Business Ethics - an Oxymoron?  

Posted by Ray in

I brought a HP dv2000 series laptop a couple of years back and until recently it was working fine. But these days, it takes several attempts to boot the system. Even if it boots up successfully, the built-in wireless card doesn't work and after a couple of minutes the screen freezes displaying a weird distorted pattern of lines and grains.

A bit of googling revealed that there are many other folks with the same problem. The problem lies in the motherboard and over-heating of the NVidia graphics adaptor. HP has acknowledged this issue and has offered a HP Limited Warranty extension that expires after 24 months from the original purchase date. I came to know about this only after I started googling the issue. My laptop model and serial number qualifies for this limited warranty extension, but HP never communicated this to me even though they have my email address.

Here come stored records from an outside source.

lemma Rmat_bounded:
  assumes "0 \<le> T"
  obtains C where "0 \<le> C" and "\<And>s. s \<in> {0..T} \<Longrightarrow> entrywise_l1_norm (Rmat s) \<le> C"
proof -
  have "(\<lambda>s. entrywise_l1_norm (Rmat s))
      = (\<lambda>s. \<Sum>i\<in>UNIV. \<Sum>j\<in>UNIV. norm (\<Sum>c\<in>UNIV. F c s k $ i * matrix_inv Bmat $ c $ j))"
    by (simp add: entrywise_l1_norm_def Rmat_def matrix_matrix_mult_def Xmat_def)
  then have cont: "continuous_on {0..T} (\<lambda>s. entrywise_l1_norm (Rmat s))"
    by (simp only:) (intro continuous_on_sum continuous_on_norm continuous_on_mult_right
        qsol_continuous_on[OF solves assms])
  obtain s0 where "\<forall>s\<in>{0..T}. entrywise_l1_norm (Rmat s) \<le> entrywise_l1_norm (Rmat s0)"
    using continuous_attains_sup[OF compact_Icc _ cont] assms by auto
  then show thesis
    using that entrywise_l1_norm_nonneg by blast
qed

lemma weighted_integral_bound:
  assumes s: "s \<in> {0..T}" and Z: "continuous_on {0..T} (\<lambda>\<sigma>. Z \<sigma> $ 1)"
    and M: "\<And>\<sigma>. \<sigma> \<in> {0..T} \<Longrightarrow> norm (Z \<sigma> $ 1) \<le> M"
  shows "l1_norm (weighted_integral Z s) \<le> kernel_mass T * M"
proof -
  have "l1_norm (weighted_integral Z s) = (\<Sum>a\<in>UNIV. norm (integral {0..s} (\<lambda>\<sigma>. F a \<sigma> k $ 1 * Z \<sigma> $ 1)))"
    by (simp add: l1_norm_def weighted_integral_def)
  also have "\<dots> \<le> (\<Sum>a\<in>UNIV. integral {0..T} (\<lambda>\<sigma>. norm (F a \<sigma> k $ 1)) * M)"
    using s by (intro sum_mono norm_integral_mult_le[OF s qsol_continuous_on[OF solves] Z M]) simp
  finally show ?thesis
    by (simp add: kernel_mass_def sum_distrib_right)
qed

lemma weighted_integral_diff:
  assumes "continuous_on {0..T} (\<lambda>\<sigma>. Y \<sigma> $ 1)" "continuous_on {0..T} (\<lambda>\<sigma>. Z \<sigma> $ 1)" "0 \<le> T"
  shows "weighted_integral Y T - weighted_integral Z T = weighted_integral (\<lambda>\<sigma>. Y \<sigma> - Z \<sigma>) T"
proof -
  have i: "(\<lambda>\<sigma>. F a \<sigma> k $ 1 * W \<sigma> $ 1) integrable_on {0..T}" if "continuous_on {0..T} (\<lambda>\<sigma>. W \<sigma> $ 1)" for a W
    by (intro integrable_continuous_interval continuous_on_mult that qsol_continuous_on[OF solves \<open>0 \<le> T\<close>])
  show ?thesis
    by (simp add: weighted_integral_def vec_eq_iff right_diff_distrib integral_diff[OF i[OF assms(1)] i[OF assms(2)]])
qed

lemma has_vector_derivative_weighted_integral:
  assumes Z: "qsol p q \<kappa> Z" and x: "0 \<le> x"
  shows "((\<lambda>t. weighted_integral Z t $ a) has_vector_derivative F a x k $ 1 * Z x $ 1) (at x within {0..})"
proof -
  have "((\<lambda>t. weighted_integral Z t $ a) has_vector_derivative F a x k $ 1 * Z x $ 1) (at x within {0..x+1})"
    unfolding weighted_integral_def vec_lambda_beta using x
    by (intro integral_has_vector_derivative continuous_on_mult qsol_continuous_on[OF solves]
        qsol_continuous_on[OF Z]) auto
  moreover have "at x within {0..x+1} = at x within {0..}"
    by (rule at_within_nhd[where S="{..<x+1}"]) auto
  ultimately show ?thesis by simp
qed

context
  fixes U :: "complex set" and Y :: "real \<Rightarrow> complex \<Rightarrow> complex^4" and T :: real
  assumes open_U: "open U" and k_in_U: "k \<in> U"
    and Y_solves: "\<And>\<kappa>. \<kappa> \<in> U \<Longrightarrow> qsol p q \<kappa> (\<lambda>t. Y t \<kappa>)"
    and Y0_continuous: "\<And>m. isCont (\<lambda>\<kappa>. Y 0 \<kappa> $ m) k"
    and T_nonneg: "0 \<le> T"
begin

lemma solution_family_continuous_on: "\<kappa> \<in> U \<Longrightarrow> continuous_on {0..T} (\<lambda>s. Y s \<kappa> $ i)"
  using qsol_continuous_on[OF Y_solves T_nonneg] .

lemma initial_bracket_tendsto: "((\<lambda>\<kappa>. l1_norm (bracket_matrix 0 *v (Y 0 \<kappa> - Y 0 k))) \<longlongrightarrow> 0) (at k)"
proof -
  have "((\<lambda>\<kappa>. Y 0 \<kappa> $ j - Y 0 k $ j) \<longlongrightarrow> 0) (at k)" for j
    using Y0_continuous[of j] by (simp add: isCont_def LIM_zero)
  then have "((\<lambda>\<kappa>. \<Sum>i\<in>UNIV. norm (\<Sum>j\<in>UNIV. bracket_matrix 0 $ i $ j * (Y 0 \<kappa> $ j - Y 0 k $ j)))
      \<longlongrightarrow> (\<Sum>i\<in>(UNIV::4 set). norm (\<Sum>j\<in>(UNIV::4 set). bracket_matrix 0 $ i $ j * 0))) (at k)"
    by (intro tendsto_intros)
  then show ?thesis
    by (simp add: l1_norm_def matrix_vector_mult_def)
qed
(* Let $(U_n)_{n\in\mathbb{Z}}$ satisfy $U_n\in\mathcal{S}$ for all $n$ and $U_n=I_2$ for all $|n|\ge N_0$, where $N_0\ge1$ is an integer, and let $\mathcal{U}$ be the associated quantum walk evolution. Let $\Psi^{(1)},\Psi^{(2)}\in\mathcal{B}$ be defined by $\Psi^{(1)}(N_0)=(1,0)^T$, $\Psi^{(1)}(n)=0$ for $n\ne N_0$, and $\Psi^{(2)}(-N_0)=(0,1)^T$, $\Psi^{(2)}(n)=0$ for $n\neq -N_0$. Then there exist constants $C>0$ and $0<M<1$ such that for $k=1,2$, $$\|(\mathcal{U}^L\Psi^{(k)})(n)\|_{\mathbb{C}^2}\le C\,L^{2N_0-1}M^L$$ for all $|n|\le N_0$ and all $L\in\mathbb{N}$.
   Context: $\mathcal{S}:=\{M=(m_{jk})\in U(2): m_{11}=m_{22}\neq 0\}$. For each $n$ set $P_n:=\begin{pmatrix}1&0\\0&0\end{pmatrix}U_n$, $Q_n:=\begin{pmatrix}0&0\\0&1\end{pmatrix}U_n$. The state space is $\mathcal{B}=\ell^\infty(\mathbb{Z};\mathbb{C}^2)$ of bounded sequences $\Psi=(\Psi(n))_{n\in\mathbb{Z}}$ with $\Psi(n)\in\mathbb{C}^2$ (column vectors), and the evolution $\mathcal{U}:\mathcal{B}\to\mathcal{B}$ is $(\mathcal{U}\Psi)(n)=P_{n+1}\Psi(n+1)+Q_{n-1}\Psi(n-1)$. *)

theory Defs
  imports "HOL-Analysis.Analysis"
begin

definition adj2 :: "complex^2^2 \<Rightarrow> complex^2^2" where
  "adj2 M = (\<chi> i j. cnj (M $ j $ i))"

definition U2 :: "(complex^2^2) set" where
  "U2 = {M. M ** adj2 M = mat 1 \<and> adj2 M ** M = mat 1}"

definition classS :: "(complex^2^2) set" where
  "classS = {M \<in> U2. M $ 1 $ 1 = M $ 2 $ 2 \<and> M $ 1 $ 1 \<noteq> 0}"

definition projP :: "complex^2^2" where
  "projP = (\<chi> i j. if i = 1 \<and> j = 1 then 1 else 0)"

definition projQ :: "complex^2^2" where
  "projQ = (\<chi> i j. if i = 2 \<and> j = 2 then 1 else 0)"

definition Pmat :: "(int \<Rightarrow> complex^2^2) \<Rightarrow> int \<Rightarrow> complex^2^2" where
  "Pmat U n = projP ** U n"

definition Qmat :: "(int \<Rightarrow> complex^2^2) \<Rightarrow> int \<Rightarrow> complex^2^2" where
  "Qmat U n = projQ ** U n"

text \<open>The quantum walk evolution (defined on all sequences; it maps bounded sequences
  to bounded sequences, and agrees with the evolution on \<open>\<ell>^\<infinity>\<close>).\<close>
definition qw_evol :: "(int \<Rightarrow> complex^2^2) \<Rightarrow> (int \<Rightarrow> complex^2) \<Rightarrow> (int \<Rightarrow> complex^2)" where
  "qw_evol U \<Psi> = (\<lambda>n. Pmat U (n+1) *v \<Psi> (n+1) + Qmat U (n-1) *v \<Psi> (n-1))"

definition psi1 :: "nat \<Rightarrow> int \<Rightarrow> complex^2" where
  "psi1 N0 = (\<lambda>n. if n = int N0 then vector [1, 0] else 0)"

definition psi2 :: "nat \<Rightarrow> int \<Rightarrow> complex^2" where
  "psi2 N0 = (\<lambda>n. if n = - int N0 then vector [0, 1] else 0)"

end
lemma DERIV_neg_imp_eventually_less:
  fixes \<phi> :: "real \<Rightarrow> real"
  assumes "(\<phi> has_real_derivative D) (at x)" and "D < 0"
  shows "\<forall>\<^sub>F s in at_right x. \<phi> s < \<phi> x"
proof -
  obtain e where "e > 0" and e: "\<And>h. 0 < h \<Longrightarrow> h < e \<Longrightarrow> \<phi> (x + h) < \<phi> x"
    using DERIV_neg_dec_right[OF assms] by blast
  have "\<forall>\<^sub>F s in at_right x. s \<in> {x<..<x + e}"
    using \<open>e > 0\<close> by (intro eventually_at_right_real) simp
  then show ?thesis
    by (rule eventually_mono) (use e[of "_ - x"] in auto)
qed

lemma tendsto_unique_nonpos_point:
  fixes \<phi> :: "'a::metric_space \<Rightarrow> real"
  assumes "compact K" and "continuous_on K \<phi>"
    and unique: "\<And>x. x \<in> K \<Longrightarrow> \<phi> x \<le> 0 \<Longrightarrow> x = a"
    and in_K: "\<forall>\<^sub>F n in F. X n \<in> K"
    and small: "\<And>e. e > 0 \<Longrightarrow> \<forall>\<^sub>F n in F. \<phi> (X n) < e"
  shows "(X \<longlongrightarrow> a) F"
proof (rule tendstoI)
  fix e :: real
  assume "e > 0"
  let ?K = "K \<inter> {x. e \<le> dist x a}"
  show "\<forall>\<^sub>F n in F. dist (X n) a < e"
  proof (cases "?K = {}")
    case True
    show ?thesis
      using in_K by (rule eventually_mono) (use True in \<open>auto simp flip: not_le\<close>)
  next
    case False
    have "compact ?K"
      using assms(1) by (intro compact_Int_closed closed_Collect_le continuous_intros)
    then obtain x where x: "x \<in> ?K" "\<And>y. y \<in> ?K \<Longrightarrow> \<phi> x \<le> \<phi> y"
      using continuous_attains_inf[OF _ False continuous_on_subset[OF assms(2)]] by blast
    have "\<phi> x > 0"
      using unique[of x] x(1) \<open>e > 0\<close> by force
    with small have "\<forall>\<^sub>F n in F. \<phi> (X n) < \<phi> x" .
    with in_K show ?thesis
      by eventually_elim (use x(2) in force)
  qed
qed
(* Let $T$ be a quantizable map satisfying Condition 1, $U=U_\Bbbk$ a quantization of $T$ on $\mathbb C^{N_\Bbbk}$, and $\psi_\Bbbk$ a normalized eigenvector of $U$. Fix the smoothed quantum partition $P_1,\dots,P_l$ described in the context. Let $\varepsilon=\varepsilon_0\dots\varepsilon_{m-1}\in\{1,\dots,l\}^m$. Then for every $n\geq1$, $$\hat\mu_\Bbbk([\![\varepsilon]\!])=\hat\mu_\Bbbk(T^{-n}[\![\varepsilon]\!])+R_{n,m},\qquad |R_{n,m}|\leq n\,C(m)\,\frac{\Lambda_{\max}^{m+n}}{N_\Bbbk},$$ where the constant $C(m)$ depends only on $m$ (for the fixed smoothed partition), and not on $n$, $N_\Bbbk$ or $\psi_\Bbbk$. The same statement holds with $\hat\mu_\Bbbk$ replaced by $\hat\mu^*_\Bbbk$.
   Context: Condition 1: $T:[0,1]\to[0,1]$, integers $\Lambda_1,\dots,\Lambda_l\geq2$ with $\sum\Lambda_j^{-1}=1$, consecutive intervals $I_1,\dots,I_l$ with $|I_j|=\Lambda_j^{-1}$, $T$ affine with slope $\Lambda_j$ on $I_j$ mapping $I_j$ onto $[0,1]$; $\Lambda_{\max}=\max_j\Lambda_j$. Quantizable: there are partitions $\mathcal M_\Bbbk$ of $[0,1]$ into $E_i=[(i-1)/N_\Bbbk,i/N_\Bbbk]$ with $N_{\Bbbk+1}/N_\Bbbk$ an integer $>1$ and all endpoints of the $I_j$ among the endpoints of $\mathcal M_1$, and unitary $U_\Bbbk$ with $|U_\Bbbk(i,j)|^2=|E_j\cap T^{-1}E_i|/|E_j|$. $\mathrm{Op}_\Bbbk(f)$ is diagonal with $(i,i)$ entry $N_\Bbbk\int_{E_i}f\,dx$. Smoothed partition: for a fixed $\delta>0$, functions $\chi_1,\dots,\chi_l$, Lipschitz on the circle $[0,1]/(0\sim1)$, with $\chi_i=1$ on $[\beta_-(I_i)+\delta,\beta_+(I_i)-\delta]$ ($\beta_\mp$ the left/right endpoints of $I_i$), decaying to $0$ outside that interval, and $\sum_i\chi_i^2\equiv1$; $P_i=\mathrm{Op}_\Bbbk(\chi_i)$ and $P_i(j)=U^{-j}P_iU^j$. For a word $\varepsilon=\varepsilon_0\dots\varepsilon_{n-1}$ put $P_\varepsilon=P_{\varepsilon_{n-1}}(n-1)\cdots P_{\varepsilon_1}(1)P_{\varepsilon_0}(0)$, $\hat\mu_\Bbbk([\![\varepsilon]\!])=\|P_\varepsilon\psi_\Bbbk\|^2$, $\hat\mu^*_\Bbbk([\![\varepsilon]\!])=\|P^*_\varepsilon\psi_\Bbbk\|^2$. For $|\varepsilon|=m$ define $\hat\mu_\Bbbk(T^{-n}[\![\varepsilon]\!])=\sum_{|\varepsilon'|=n}\hat\mu_\Bbbk([\![\varepsilon'\varepsilon]\!])$ (concatenated words), and similarly for $\hat\mu^*_\Bbbk$. *)

theory Defs
  imports "HOL-Analysis.Analysis" "Jordan_Normal_Form.Schur_Decomposition"
begin

definition beta_lo :: "(nat \<Rightarrow> nat) \<Rightarrow> nat \<Rightarrow> real" where
  "beta_lo \<Lambda> j = (\<Sum>i\<in>{1..<j}. 1 / real (\<Lambda> i))"

definition beta_hi :: "(nat \<Rightarrow> nat) \<Rightarrow> nat \<Rightarrow> real" where
  "beta_hi \<Lambda> j = beta_lo \<Lambda> j + 1 / real (\<Lambda> j)"

definition condition1 :: "(real \<Rightarrow> real) \<Rightarrow> nat \<Rightarrow> (nat \<Rightarrow> nat) \<Rightarrow> bool" where
  "condition1 T l \<Lambda> \<longleftrightarrow>
     (\<forall>j\<in>{1..l}. \<Lambda> j \<ge> 2) \<and>
     (\<Sum>j\<in>{1..l}. 1 / real (\<Lambda> j)) = 1 \<and>
     (\<forall>x\<in>{0..1}. T x \<in> {0..1}) \<and>
     (\<forall>j\<in>{1..l}. \<forall>x\<in>{beta_lo \<Lambda> j<..<beta_hi \<Lambda> j}.
         T x = real (\<Lambda> j) * (x - beta_lo \<Lambda> j))"

definition Lambda_max :: "nat \<Rightarrow> (nat \<Rightarrow> nat) \<Rightarrow> nat" where
  "Lambda_max l \<Lambda> = Max (\<Lambda> ` {1..l})"

(* Cell E_{i+1} = [i/N, (i+1)/N] of the partition M_k (0-based index i < N) *)
definition cell :: "nat \<Rightarrow> nat \<Rightarrow> real set" where
  "cell N i = {real i / real N .. real (i + 1) / real N}"

definition unitary_mat :: "nat \<Rightarrow> complex mat \<Rightarrow> bool" where
  "unitary_mat N U \<longleftrightarrow> U \<in> carrier_mat N N \<and>
     mat_adjoint U * U = 1\<^sub>m N \<and> U * mat_adjoint U = 1\<^sub>m N"
(* For all $s\in[0,1]$ and $t\in\mathbb N^*$, $$P[s^{|B_t|}]\le Q\big[\hat q_{0,0}\circ\hat q_{1,0}\circ\cdots\circ\hat q_{t-1,0}(s)\big].$$
   Context: BRWRE on $\mathbb Z^d$, with $\mathbb N=\{0,1,\dots\}$ and $\mathbb N^*=\{1,2,\dots\}$. The environment $\mathbf q=(q_{t,x})_{(t,x)\in\mathbb N\times\mathbb Z^d}$ consists of probability measures on $\mathbb N$, i.i.d. under $Q$. Given $\mathbf q$, under $P^{\mathbf q}$ one particle starts at the origin at time $0$. A particle at $(t,x)$ jumps to a uniformly chosen nearest neighbour of $x$ and there dies, leaving $k$ children with probability $q_{t,x}(k)$; all independently. $B_t$ is the set of particles at time $t$, and $P=\int Q(d\mathbf q)P^{\mathbf q}$. For a probability measure $q$ on $\mathbb N$, $\hat q(s)=\sum_{k\ge0}s^kq(k)$ (with $0^0=1$). *)

theory Defs
  imports "HOL-Probability.Probability"
begin

text \<open>Sites of the lattice Z^d are vectors int^'d with 'd a finite index type (d = CARD('d) >= 1).
  An environment assigns to each space-time point (t,x) an offspring law q_{t,x} :: nat pmf.\<close>

type_synonym 'd env = "nat \<times> (int ^ 'd) \<Rightarrow> nat pmf"

definition nbrs :: "int ^ 'd::finite \<Rightarrow> (int ^ 'd) set" where
  "nbrs x = {x + axis i 1 | i. True} \<union> {x - axis i 1 | i. True}"

text \<open>One time step of the quenched process: every particle of the current population
  (a list of positions) independently jumps to a uniform nearest neighbour y of its position x,
  dies there and is replaced by k particles at y, k distributed as q_{t,x}.\<close>

fun brw_step :: "'d::finite env \<Rightarrow> nat \<Rightarrow> (int ^ 'd) list \<Rightarrow> (int ^ 'd) list pmf" where
  "brw_step q t [] = return_pmf []"
| "brw_step q t (x # xs) =
     bind_pmf (pmf_of_set (nbrs x)) (\<lambda>y.
     bind_pmf (q (t, x)) (\<lambda>k.
     bind_pmf (brw_step q t xs) (\<lambda>rest.
     return_pmf (replicate k y @ rest))))"

text \<open>Law under P^q of the population B_t (positions of the particles alive at time t),
  started from one particle at the origin at time 0.\<close>

fun brw :: "'d::finite env \<Rightarrow> nat \<Rightarrow> (int ^ 'd) list pmf" where
  "brw q 0 = return_pmf [0]"
| "brw q (Suc t) = bind_pmf (brw q t) (brw_step q t)"

definition brw_gf :: "'d::finite env \<Rightarrow> nat \<Rightarrow> real \<Rightarrow> real" where
  "brw_gf q t s = measure_pmf.expectation (brw q t) (\<lambda>xs. s ^ length xs)"

definition pgf :: "nat pmf \<Rightarrow> real \<Rightarrow> real" where
  "pgf p s = (\<Sum>k. s ^ k * pmf p k)"
lemma nbr2_in_aut_orbit:
  assumes pm: "polytopal_map V E F Fl" and comm12: "\<forall>\<Psi>\<in>Fl. nbrs_commute Fl 1 2 \<Psi>"
    and "\<Phi> \<in> Fl"
  shows "(\<Phi>, nbr Fl 2 \<Phi>) \<in> aut_orbit_rel V E F Fl"
proof -
  let ?\<tau> = "transpose (ff \<Phi>) (ff (nbr Fl 2 \<Phi>))"
  have \<Phi>2: "nbr Fl 2 \<Phi> \<in> Fl" using nbr_in_flags[OF pm \<open>\<Phi> \<in> Fl\<close>] by simp
  have transposes: "\<And>\<Psi>. \<Psi> \<in> Fl \<Longrightarrow> nbr Fl 2 \<Psi> = flag_act id ?\<tau> \<Psi>"
    using nbr2_transposes_faces_everywhere[OF pm comm12 \<open>\<Phi> \<in> Fl\<close>]
    unfolding nbr2_transposes_faces_def flag_act_def by simp
  have "(v, e, ?\<tau> h) \<in> Fl" if "(v, e, h) \<in> Fl" for v e h
    using transposes[OF that] nbr_in_flags[OF pm that, of 2] by (simp add: flag_act_def)
  moreover have "ff \<Phi> \<in> F" "ff (nbr Fl 2 \<Phi>) \<in> F"
    using polytopal_map_flags_subset[OF pm] \<open>\<Phi> \<in> Fl\<close> \<Phi>2 by auto
  ultimately have "is_map_aut V E F Fl id ?\<tau>"
    by (intro is_map_aut_transpose_faces)
  then show ?thesis
    using \<open>\<Phi> \<in> Fl\<close> \<Phi>2 transposes[OF \<open>\<Phi> \<in> Fl\<close>, symmetric] unfolding aut_orbit_rel_def by blast
qed

lemma nbrs_commute_at_shared_corner:
  assumes pm: "polytopal_map V E F Fl" and "e1 \<noteq> e2" "f \<noteq> g"
    and flags: "(v, e1, f) \<in> Fl" "(v, e2, f) \<in> Fl" "(v, e1, g) \<in> Fl" "(v, e2, g) \<in> Fl"
  shows "nbrs_commute Fl 1 2 (v, e1, f)"
proof -
  have "nbr Fl 1 (v, e1, f) = (v, e2, f)" "nbr Fl 2 (v, e1, f) = (v, e1, g)"
    "nbr Fl 1 (v, e1, g) = (v, e2, g)" "nbr Fl 2 (v, e2, f) = (v, e2, g)"
    using nbr_eqI[OF pm] flags assms(2,3) unfolding differs_exactly_def by simp_all
  then show ?thesis unfolding nbrs_commute_def by simp
qed

theorem corollary2p6:
  fixes V :: "'v set" and E :: "'v set set" and F :: "'f set" and Fl :: "('v, 'f) flag set"
  assumes "polytopal_map V E F Fl"
    and "class_2_01 V E F Fl"
  shows "\<not> (\<exists>f\<in>F. \<exists>g\<in>F. \<exists>e1\<in>E. \<exists>e2\<in>E. f \<noteq> g \<and> e1 \<noteq> e2 \<and> e1 \<inter> e2 \<noteq> {} \<and>
            face_has_edge Fl f e1 \<and> face_has_edge Fl f e2 \<and>
            face_has_edge Fl g e1 \<and> face_has_edge Fl g e2)"
proof
  note pm = assms(1)
  assume "\<exists>f\<in>F. \<exists>g\<in>F. \<exists>e1\<in>E. \<exists>e2\<in>E. f \<noteq> g \<and> e1 \<noteq> e2 \<and> e1 \<inter> e2 \<noteq> {} \<and>
            face_has_edge Fl f e1 \<and> face_has_edge Fl f e2 \<and>
            face_has_edge Fl g e1 \<and> face_has_edge Fl g e2"
  then obtain f g e1 e2 v where "f \<noteq> g" "e1 \<noteq> e2" "v \<in> e1" "v \<in> e2"
    "face_has_edge Fl f e1" "face_has_edge Fl f e2" "face_has_edge Fl g e1" "face_has_edge Fl g e2"
    by blast
  then have flags: "(v, e1, f) \<in> Fl" "(v, e2, f) \<in> Fl" "(v, e1, g) \<in> Fl" "(v, e2, g) \<in> Fl"
    using flag_change_vertex[OF pm] unfolding face_has_edge_def by blast+
  have "nbr Fl 2 (v, e1, f) = (v, e1, g)"
    using nbr_eqI[OF pm flags(1) _ flags(3)] \<open>f \<noteq> g\<close> unfolding differs_exactly_def by simp
  moreover have "nbrs_commute Fl 1 2 (v, e1, f)" "nbrs_commute Fl 1 2 (v, e1, g)"
    using nbrs_commute_at_shared_corner[OF pm \<open>e1 \<noteq> e2\<close> \<open>f \<noteq> g\<close> flags]
      nbrs_commute_at_shared_corner[OF pm \<open>e1 \<noteq> e2\<close> \<open>f \<noteq> g\<close>[symmetric] flags(3,4,1,2)] .
  ultimately have "\<forall>\<Psi>\<in>Fl. nbrs_commute Fl 1 2 \<Psi>"
    using class_2_01_nbrs_commute[OF pm assms(2) flags(1)] by simp
  then have "((v, e1, f), nbr Fl 2 (v, e1, f)) \<in> aut_orbit_rel V E F Fl"
    using nbr2_in_aut_orbit[OF pm] flags(1) by blast
  then show False using assms(2) flags(1) unfolding class_2_01_def by blast
qed

end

Unfortunately my laptop started giving trouble only recently and I'm well past the 24 month period. A call to HP was of no help. I tried to explain them that they had sold me a faulty product and that they are obliged to replace the motherboard for free. But they said that I do not qualify for the free service because I had purchased my laptop in Aug 2007 and hence was not within the 24 month period. Still I insisted that the laptop was OK during those 24 months and only recently it started giving me trouble. They failed to understand and accept my reasoning and said that they could service the laptop for ~$250. I understand that these days the life of laptops ismuch shorter, but still being asked to pay $250 for repairing a faulty product that was sold begs a dose of common sense.

I'm not surprised anymore by these tactics. One of the main reasons for the economic downturn and the recent financial turmoil was that business was being conducted with absolutely no ethics.

Mahakavi Bharathi once said:
"தனி ஒருவனுக்கு உணவில்லையெனில் ஜகத்தினை அழித்திடுவோம்"
(Even if a single man is to starve, let's destroy the world)

May sound like the words of a communist. But these companies should apply the same concept to their customers. Even if a single customer is genuinely unhappy or dissatisfied, money earned like this is as bad as money stolen.

This entry was posted on February 25, 2010 at Thursday, February 25, 2010 and is filed under . You can follow any responses to this entry through the comments feed .


I totally agree with your observation man! This says a lot about the character of the company and the personalities that lead it!

But there is another angle to it as well albeit unrelated to your case, Bharti-Walmart the Indian angle to the Walmart juggernaut, started with much fanfare in Punjab a year back. They had the same policy of a 90 day money back guarantee that they employ in US/Canada. Apparently it caught the imagination of so many punjabis that nearly 34% of things bought from Bharti-Walmart were either returned or exchanged, leading the firm to re-deploy bulk of its resources in engaging with exchange/return based transactions, where no value is added.

I believe, that this kind of return policy would never work in a country like ours.